*** Opening TASK DATA ***

lemma measurable_reverse_geo:
  "reverse_geo \<in> measurable (GeoM :: (real \<Rightarrow>\<^sub>C 'a::metric_space) measure) GeoM"
proof -
  have "continuous_on UNIV (reverse_geo :: (real \<Rightarrow>\<^sub>C 'a) \<Rightarrow> _)"
  proof (clarsimp simp: continuous_on_iff)
    fix \<gamma> :: "real \<Rightarrow>\<^sub>C 'a" and e :: real
    assume "0 < e"
    have "dist (reverse_geo \<delta>) (reverse_geo \<gamma>) \<le> dist \<delta> \<gamma>" for \<delta>
      by (rule dist_bound) (simp add: apply_reverse_geo dist_bounded)
    then show "\<exists>d>0. \<forall>\<delta>. dist \<delta> \<gamma> < d \<longrightarrow> dist (reverse_geo \<delta>) (reverse_geo \<gamma>) < e"
      using \<open>0 < e\<close> le_less_trans by blast
  qed
  then show ?thesis
    unfolding GeoM_def
    by (auto intro!: measurable_restrict_space3 borel_measurable_continuous_onI reverse_geo_Geo)
qed

lemma measurable_reverse_geo_plan:
  "sets P = sets GeoM \<Longrightarrow> reverse_geo \<in> measurable P GeoM"
  using measurable_cong_sets measurable_reverse_geo by blast

lemma prob_space_plan_inv:
  "prob_space P \<Longrightarrow> sets P = sets GeoM \<Longrightarrow> prob_space (plan_inv P)"
  unfolding plan_inv_def by (rule prob_space.prob_space_distr[OF _ measurable_reverse_geo_plan])

lemma distr_plan_inv_eval_at:
  assumes "sets P = sets GeoM"
  shows "distr (plan_inv P) borel (eval_at s) = distr P borel (eval_at (1 - s))"
proof -
  have "distr (plan_inv P) borel (eval_at s) = distr P borel (eval_at s \<circ> reverse_geo)"
    unfolding plan_inv_def
    by (rule distr_distr[OF measurable_eval_at_GeoM measurable_reverse_geo_plan[OF assms]])
  also have "\<dots> = distr P borel (eval_at (1 - s))"
    by (rule distr_cong) (simp_all add: eval_at_reverse_geo)
  finally show ?thesis .
qed
text \<open>Acyclicity is only used to exclude loops.\<close>
lemma no_loop:
  assumes "a \<in> Q1 Q"
  shows "tl Q a \<noteq> hd Q a"
proof
  assume "tl Q a = hd Q a"
  then have "(hd Q a, hd Q a) \<in> {(tl Q a, hd Q a) | a. a \<in> Q1 Q}" using assms by force
  then show False using acyc unfolding no_oriented_cycles_def acyclic_def by blast
qed

lemma A_arrow:
  assumes "a \<in> A"
  shows "a \<in> Q1 Q" "hd Q a = v0" "tl Q a \<noteq> v0"
proof -
  show a: "a \<in> Q1 Q" and h: "hd Q a = v0" using assms into_v0 by auto
  show "tl Q a \<noteq> v0" using no_loop[OF a] h by simp
qed

lemma b_tl: "tl Q b = v0"
  using out_of_v0 by blast

lemma w_ne: "w \<noteq> v0"
  using no_loop[OF b] b_tl unfolding w_def by auto

lemma w_in: "w \<in> Q0 Q"
  using wf b unfolding wf_quiver_def w_def by auto

lemma b_notin_A: "b \<notin> A"
  using A_arrow w_ne unfolding w_def by blast

lemma other_arrow:
  assumes "e \<in> Q1 Q" "e \<notin> insert b A"
  shows "hd Q e \<noteq> v0 \<and> tl Q e \<noteq> v0"
proof
  show "hd Q e \<noteq> v0" using assms into_v0 by auto
  show "tl Q e \<noteq> v0" using assms out_of_v0 by auto
qed

lemma Qc_simps:
  "Q0 Qc = Q0 Q - {v0}" "Q1 Qc = Inl ` (Q1 Q - insert b A) \<union> Inr ` A"
  "tl Qc (Inl e) = tl Q e" "tl Qc (Inr e) = tl Q e"
  "hd Qc (Inl e) = hd Q e" "hd Qc (Inr e) = w"
  unfolding contract_quiver_def w_def by auto

lemma Qc_arrow_cases:
  assumes "a \<in> Q1 Qc"
  obtains (old) e where "a = Inl e" "e \<in> Q1 Q" "e \<notin> insert b A"
    | (composite) x where "a = Inr x" "x \<in> A"
  using assms unfolding Qc_simps by auto

lemma character_contract:
  assumes "\<sigma> v0 = 0" "\<forall>x. x \<noteq> v0 \<longrightarrow> g x = g' x"
  shows "character Q \<sigma> g = character Qc \<sigma> g'"
  unfolding character_def Qc_simps
  using character_prod_remove[of "Q0 Q" v0 \<sigma> g g'] wf v0 assms
  unfolding wf_quiver_def by auto

definition ext_dim :: "('v \<Rightarrow> nat) \<Rightarrow> 'v \<Rightarrow> nat" where
  "ext_dim \<beta> = \<beta>(v0 := \<beta> w)"

lemma ext_dim_simps: "x \<noteq> v0 \<Longrightarrow> ext_dim \<beta> x = \<beta> x" "ext_dim \<beta> v0 = \<beta> w"
  unfolding ext_dim_def by auto

definition extend :: "('v \<Rightarrow> nat) \<Rightarrow> ('e + 'e \<Rightarrow> 'k::field mat) \<Rightarrow> 'e \<Rightarrow> 'k mat" where
  "extend \<beta> V e = (if e = b then 1\<^sub>m (\<beta> w) else if e \<in> A then V (Inr e) else V (Inl e))"

text \<open>Composition along v0; the product V(b) V(a) is written entrywise so that its
  coordinates are visibly polynomial.\<close>
definition compose :: "('v \<Rightarrow> nat) \<Rightarrow> ('e \<Rightarrow> 'k::field mat) \<Rightarrow> 'e + 'e \<Rightarrow> 'k mat" where
  "compose \<beta> V e = (case e of Inl x \<Rightarrow> V x
     | Inr a \<Rightarrow> mat (\<beta> w) (\<beta> (tl Q a)) (\<lambda>(i, j). \<Sum>k<\<beta> w. V b $$ (i, k) * V a $$ (k, j)))"

lemma Rep_Qc_Inr: "V \<in> Rep Qc \<beta> \<Longrightarrow> a \<in> A \<Longrightarrow> V (Inr a) \<in> carrier_mat (\<beta> w) (\<beta> (tl Q a))"
  using Rep_arrow[of V Qc \<beta> "Inr a"] by (simp add: Qc_simps)

lemma Rep_Qc_Inl:
  "V \<in> Rep Qc \<beta> \<Longrightarrow> e \<in> Q1 Q \<Longrightarrow> e \<notin> insert b A \<Longrightarrow>
     V (Inl e) \<in> carrier_mat (\<beta> (hd Q e)) (\<beta> (tl Q e))"
  using Rep_arrow[of V Qc \<beta> "Inl e"] by (simp add: Qc_simps)

lemma Rep_ext_b: "V \<in> Rep Q (ext_dim \<beta>) \<Longrightarrow> V b \<in> carrier_mat (\<beta> w) (\<beta> w)"
  using Rep_arrow[OF _ b, of V "ext_dim \<beta>"] b_tl w_ne by (simp add: w_def[symmetric] ext_dim_simps)

lemma Rep_ext_A: "V \<in> Rep Q (ext_dim \<beta>) \<Longrightarrow> a \<in> A \<Longrightarrow> V a \<in> carrier_mat (\<beta> w) (\<beta> (tl Q a))"
  using Rep_arrow[OF _ A_arrow(1), of V "ext_dim \<beta>" a] A_arrow(2,3)[of a] by (simp add: ext_dim_simps)

lemma Rep_ext_other:
  "V \<in> Rep Q (ext_dim \<beta>) \<Longrightarrow> e \<in> Q1 Q \<Longrightarrow> e \<notin> insert b A \<Longrightarrow>
     V e \<in> carrier_mat (\<beta> (hd Q e)) (\<beta> (tl Q e))"
  using Rep_arrow[of V Q "ext_dim \<beta>" e] other_arrow[of e] by (simp add: ext_dim_simps)

lemma extend_Rep:
  assumes V: "V \<in> Rep Qc \<beta>"
  shows "extend \<beta> V \<in> Rep Q (ext_dim \<beta>)"
  unfolding Rep_def[of Q] mem_Collect_eq
proof (intro ballI)
  fix e assume e: "e \<in> Q1 Q"
  consider "e = b" | "e \<in> A" | "e \<notin> insert b A" by blast
  then show "extend \<beta> V e \<in> carrier_mat (ext_dim \<beta> (hd Q e)) (ext_dim \<beta> (tl Q e))"
  proof cases
    case 1
    then show ?thesis using b_tl w_ne by (simp add: extend_def ext_dim_simps w_def[symmetric])
  next
    case 2
    then show ?thesis using b_notin_A A_arrow[OF 2] Rep_Qc_Inr[OF V 2]
      by (auto simp: extend_def ext_dim_simps)
  next
    case 3
    then show ?thesis using other_arrow[OF e 3] Rep_Qc_Inl[OF V e 3]
      by (auto simp: extend_def ext_dim_simps)
  qed
qed

lemma compose_Inr:
  assumes "V \<in> Rep Q (ext_dim \<beta>)" "a \<in> A"
  shows "compose \<beta> V (Inr a) = V b * V a"
  using Rep_ext_b[OF assms(1)] Rep_ext_A[OF assms]
  by (intro eq_matI) (auto simp: compose_def scalar_prod_def atLeast0LessThan)

lemma compose_Rep: "V \<in> Rep Q (ext_dim \<beta>) \<Longrightarrow> compose \<beta> V \<in> Rep Qc \<beta>"
  unfolding Rep_def[of Qc] mem_Collect_eq
proof (intro ballI)
  fix a assume V: "V \<in> Rep Q (ext_dim \<beta>)" and a: "a \<in> Q1 Qc"
  from a show "compose \<beta> V a \<in> carrier_mat (\<beta> (hd Qc a)) (\<beta> (tl Qc a))"
  proof (cases rule: Qc_arrow_cases)
    case (old e)
    then show ?thesis using Rep_ext_other[OF V] by (simp add: compose_def Qc_simps)
  next
    case (composite x)
    then show ?thesis using compose_Inr[OF V] Rep_ext_b[OF V] Rep_ext_A[OF V] by (simp add: Qc_simps)
  qed
qed

lemma compose_extend:
  assumes V: "V \<in> Rep Qc \<beta>"
  shows "\<forall>a\<in>Q1 Qc. compose \<beta> (extend \<beta> V) a = V a"
proof
  fix a assume "a \<in> Q1 Qc"
  then show "compose \<beta> (extend \<beta> V) a = V a"
  proof (cases rule: Qc_arrow_cases)
    case (old e)
    then show ?thesis by (auto simp: compose_def extend_def)
  next
    case (composite x)
    then have "compose \<beta> (extend \<beta> V) a = extend \<beta> V b * extend \<beta> V x"
      using compose_Inr[OF extend_Rep[OF V]] by simp
    also have "\<dots> = V a"
      using composite b_notin_A left_mult_one_mat[OF Rep_Qc_Inr[OF V composite(2)]]
      unfolding extend_def by auto
    finally show ?thesis .
  qed
qed

lemma extend_poly:
  assumes "e \<in> Q1 Q" "i < ext_dim \<beta> (hd Q e)" "j < ext_dim \<beta> (tl Q e)"
  shows "(\<lambda>V. extend \<beta> V e $$ (i, j)) \<in> poly_fun Qc \<beta>"
proof -
  consider "e = b" | "e \<in> A" | "e \<notin> insert b A" by blast
  then show ?thesis
  proof cases
    case 1
    then show ?thesis unfolding extend_def using poly_fun.const by simp
  next
    case 2
    have "e \<noteq> b" using 2 b_notin_A by blast
    have "(\<lambda>V. V (Inr e) $$ (i, j)) \<in> poly_fun Qc \<beta>"
      using 2 assms A_arrow[OF 2]
      by (intro poly_fun.coord) (auto simp: Qc_simps ext_dim_simps)
    then show ?thesis using 2 \<open>e \<noteq> b\<close> unfolding extend_def by auto
  next
    case 3
    have "(\<lambda>V. V (Inl e) $$ (i, j)) \<in> poly_fun Qc \<beta>"
      using 3 assms other_arrow[OF assms(1) 3]
      by (intro poly_fun.coord) (auto simp: Qc_simps ext_dim_simps)
    then show ?thesis using 3 unfolding extend_def by auto
  qed
qed

lemma compose_poly:
  assumes "a \<in> Q1 Qc" "i < \<beta> (hd Qc a)" "j < \<beta> (tl Qc a)"
  shows "(\<lambda>V. compose \<beta> V a $$ (i, j)) \<in> poly_fun Q (ext_dim \<beta>)"
  using assms(1)
proof (cases rule: Qc_arrow_cases)
  case (old e)
  then have "(\<lambda>V. V e $$ (i, j)) \<in> poly_fun Q (ext_dim \<beta>)"
    using assms other_arrow[OF old(2,3)]
    by (intro poly_fun.coord) (auto simp: Qc_simps ext_dim_simps)
  then show ?thesis using old by (simp add: compose_def)
next
  case (composite x)
  have i: "i < \<beta> w" and j: "j < \<beta> (tl Q x)" using assms composite by (auto simp: Qc_simps)
  have "(\<lambda>V. V b $$ (i, k) * V x $$ (k, j)) \<in> poly_fun Q (ext_dim \<beta>)" if "k < \<beta> w" for k
    using b b_tl w_ne A_arrow[OF composite(2)] i j that
    by (intro poly_fun.mult poly_fun.coord) (auto simp: ext_dim_simps w_def)
  then have "(\<lambda>V. \<Sum>k<\<beta> w. V b $$ (i, k) * V x $$ (k, j)) \<in> poly_fun Q (ext_dim \<beta>)"
    by (intro poly_fun_sum) auto
  then show ?thesis using composite i j by (simp add: compose_def)
qed

text \<open>extend intertwines g' \<in> GL(beta) with its extension by g'(w) at v0.\<close>
lemma extend_equivariant:
  fixes g' :: "'v \<Rightarrow> 'k::field mat"
  assumes g': "g' \<in> GL Qc \<beta>" and \<sigma>: "\<sigma> v0 = 0"
  shows "\<exists>g\<in>GL Q (ext_dim \<beta>). character Q \<sigma> g = character Qc \<sigma> g' \<and>
           (\<forall>V\<in>Rep Qc \<beta>. \<forall>e\<in>Q1 Q. extend \<beta> (act Qc g' V) e = act Q g (extend \<beta> V) e)"
proof (intro bexI conjI ballI)
  define g where "g = g'(v0 := g' w)"
  have g'Q: "g' x \<in> carrier_mat (\<beta> x) (\<beta> x) \<and> det (g' x) \<noteq> 0" if "x \<in> Q0 Q" "x \<noteq> v0" for x
    using g' that unfolding GL_def Qc_simps by auto
  note gw = g'Q[OF w_in w_ne]
  show "g \<in> GL Q (ext_dim \<beta>)"
    using g'Q gw unfolding GL_def g_def by (auto simp: ext_dim_simps)
  show "character Q \<sigma> g = character Qc \<sigma> g'"
    by (rule character_contract[where \<sigma> = \<sigma>, OF \<sigma>]) (simp add: g_def)
  fix V :: "'e + 'e \<Rightarrow> 'k mat" and e
  assume e: "e \<in> Q1 Q"
  consider "e = b" | "e \<in> A" | "e \<notin> insert b A" by blast
  then show "extend \<beta> (act Qc g' V) e = act Q g (extend \<beta> V) e"
  proof cases
    case 1
    have "act Q g (extend \<beta> V) e = g' w * 1\<^sub>m (\<beta> w) * mat_inv (g' w)"
      unfolding act_def extend_def g_def using 1 b_tl w_ne w_def by simp
    also have "\<dots> = 1\<^sub>m (\<beta> w)"
      using gw right_mult_one_mat[of "g' w"] mat_inv_props(2)[of "g' w" "\<beta> w"] by auto
    finally show ?thesis using 1 unfolding extend_def by simp
  next
    case 2
    then show ?thesis using b_notin_A A_arrow[OF 2]
      unfolding extend_def act_def g_def by (auto simp: Qc_simps)
  next
    case 3
    then show ?thesis using other_arrow[OF e 3]
      unfolding extend_def act_def g_def by (auto simp: Qc_simps)
  qed
qed

text \<open>compose intertwines g \<in> GL(ext_dim beta) with g itself: the factor at v0 cancels.\<close>
lemma compose_equivariant:
  fixes g :: "'v \<Rightarrow> 'k::field mat"
  assumes g: "g \<in> GL Q (ext_dim \<beta>)" and \<sigma>: "\<sigma> v0 = 0"
  shows "\<exists>h\<in>GL Qc \<beta>. character Qc \<sigma> h = character Q \<sigma> g \<and>
           (\<forall>V\<in>Rep Q (ext_dim \<beta>). \<forall>a\<in>Q1 Qc. compose \<beta> (act Q g V) a = act Qc h (compose \<beta> V) a)"
proof (intro bexI conjI ballI)
  have gQ: "g x \<in> carrier_mat (ext_dim \<beta> x) (ext_dim \<beta> x) \<and> det (g x) \<noteq> 0" if "x \<in> Q0 Q" for x
    using g that unfolding GL_def by auto
  show "g \<in> GL Qc \<beta>"
    unfolding GL_def Qc_simps
  proof (intro CollectI ballI)
    fix x assume "x \<in> Q0 Q - {v0}"
    then show "g x \<in> carrier_mat (\<beta> x) (\<beta> x) \<and> det (g x) \<noteq> 0"
      using gQ[of x] ext_dim_simps(1)[of x \<beta>] by auto
  qed
  show "character Qc \<sigma> g = character Q \<sigma> g"
    by (rule character_contract[where \<sigma> = \<sigma>, OF \<sigma>, symmetric]) simp
  fix V :: "'e \<Rightarrow> 'k mat" and a
  assume V: "V \<in> Rep Q (ext_dim \<beta>)" and a: "a \<in> Q1 Qc"
  from a show "compose \<beta> (act Q g V) a = act Qc g (compose \<beta> V) a"
  proof (cases rule: Qc_arrow_cases)
    case (old e)
    then show ?thesis by (simp add: compose_def act_def Qc_simps)
  next
    case (composite x)
    note x = A_arrow[OF composite(2)]
    have tx: "tl Q x \<in> Q0 Q" using wf x unfolding wf_quiver_def by auto
    have gw: "g w \<in> carrier_mat (\<beta> w) (\<beta> w)" using gQ[OF w_in] w_ne by (simp add: ext_dim_simps)
    have gv0: "g v0 \<in> carrier_mat (\<beta> w) (\<beta> w)" "det (g v0) \<noteq> 0"
      using gQ[OF v0] by (auto simp: ext_dim_simps)
    have gx: "mat_inv (g (tl Q x)) \<in> carrier_mat (\<beta> (tl Q x)) (\<beta> (tl Q x))"
      using mat_inv_props(1)[of "g (tl Q x)"] gQ[OF tx] x by (simp add: ext_dim_simps)
    have "compose \<beta> (act Q g V) a = act Q g V b * act Q g V x"
      using compose_Inr[OF act_Rep[OF wf g V] composite(2)] composite by simp
    also have "\<dots> = (g w * V b * mat_inv (g v0)) * (g v0 * V x * mat_inv (g (tl Q x)))"
      unfolding act_def using b_tl x w_def by simp
    also have "\<dots> = g w * (V b * V x) * mat_inv (g (tl Q x))"
      by (rule mult_conj_cancel[OF gw Rep_ext_b[OF V] gv0(1) mat_inv_props(1)[OF gv0]
            mat_inv_props(3)[OF gv0] Rep_ext_A[OF V composite(2)] gx])
    also have "\<dots> = act Qc g (compose \<beta> V) a"
      unfolding act_def using composite compose_Inr[OF V composite(2)] by (simp add: Qc_simps)
    finally show ?thesis .
  qed
qed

*** Closing TASK DATA ***

_WHAT THE TASK REQUIRES:_
Would you please write out, exactly and with no other lines, the stretch of the listing above from the line containing "OF \<sigma>, symmetric]) simp" through the line containing "x by (simp add: ext_dim_simps)"?

_TASK RESULT:_
    by (rule character_contract[where \<sigma> = \<sigma>, OF \<sigma>, symmetric]) simp
  fix V :: "'e \<Rightarrow> 'k mat" and a
  assume V: "V \<in> Rep Q (ext_dim \<beta>)" and a: "a \<in> Q1 Qc"
  from a show "compose \<beta> (act Q g V) a = act Qc g (compose \<beta> V) a"
  proof (cases rule: Qc_arrow_cases)
    case (old e)
    then show ?thesis by (simp add: compose_def act_def Qc_simps)
  next
    case (composite x)
    note x = A_arrow[OF composite(2)]
    have tx: "tl Q x \<in> Q0 Q" using wf x unfolding wf_quiver_def by auto
    have gw: "g w \<in> carrier_mat (\<beta> w) (\<beta> w)" using gQ[OF w_in] w_ne by (simp add: ext_dim_simps)
    have gv0: "g v0 \<in> carrier_mat (\<beta> w) (\<beta> w)" "det (g v0) \<noteq> 0"
      using gQ[OF v0] by (auto simp: ext_dim_simps)
    have gx: "mat_inv (g (tl Q x)) \<in> carrier_mat (\<beta> (tl Q x)) (\<beta> (tl Q x))"
      using mat_inv_props(1)[of "g (tl Q x)"] gQ[OF tx] x by (simp add: ext_dim_simps)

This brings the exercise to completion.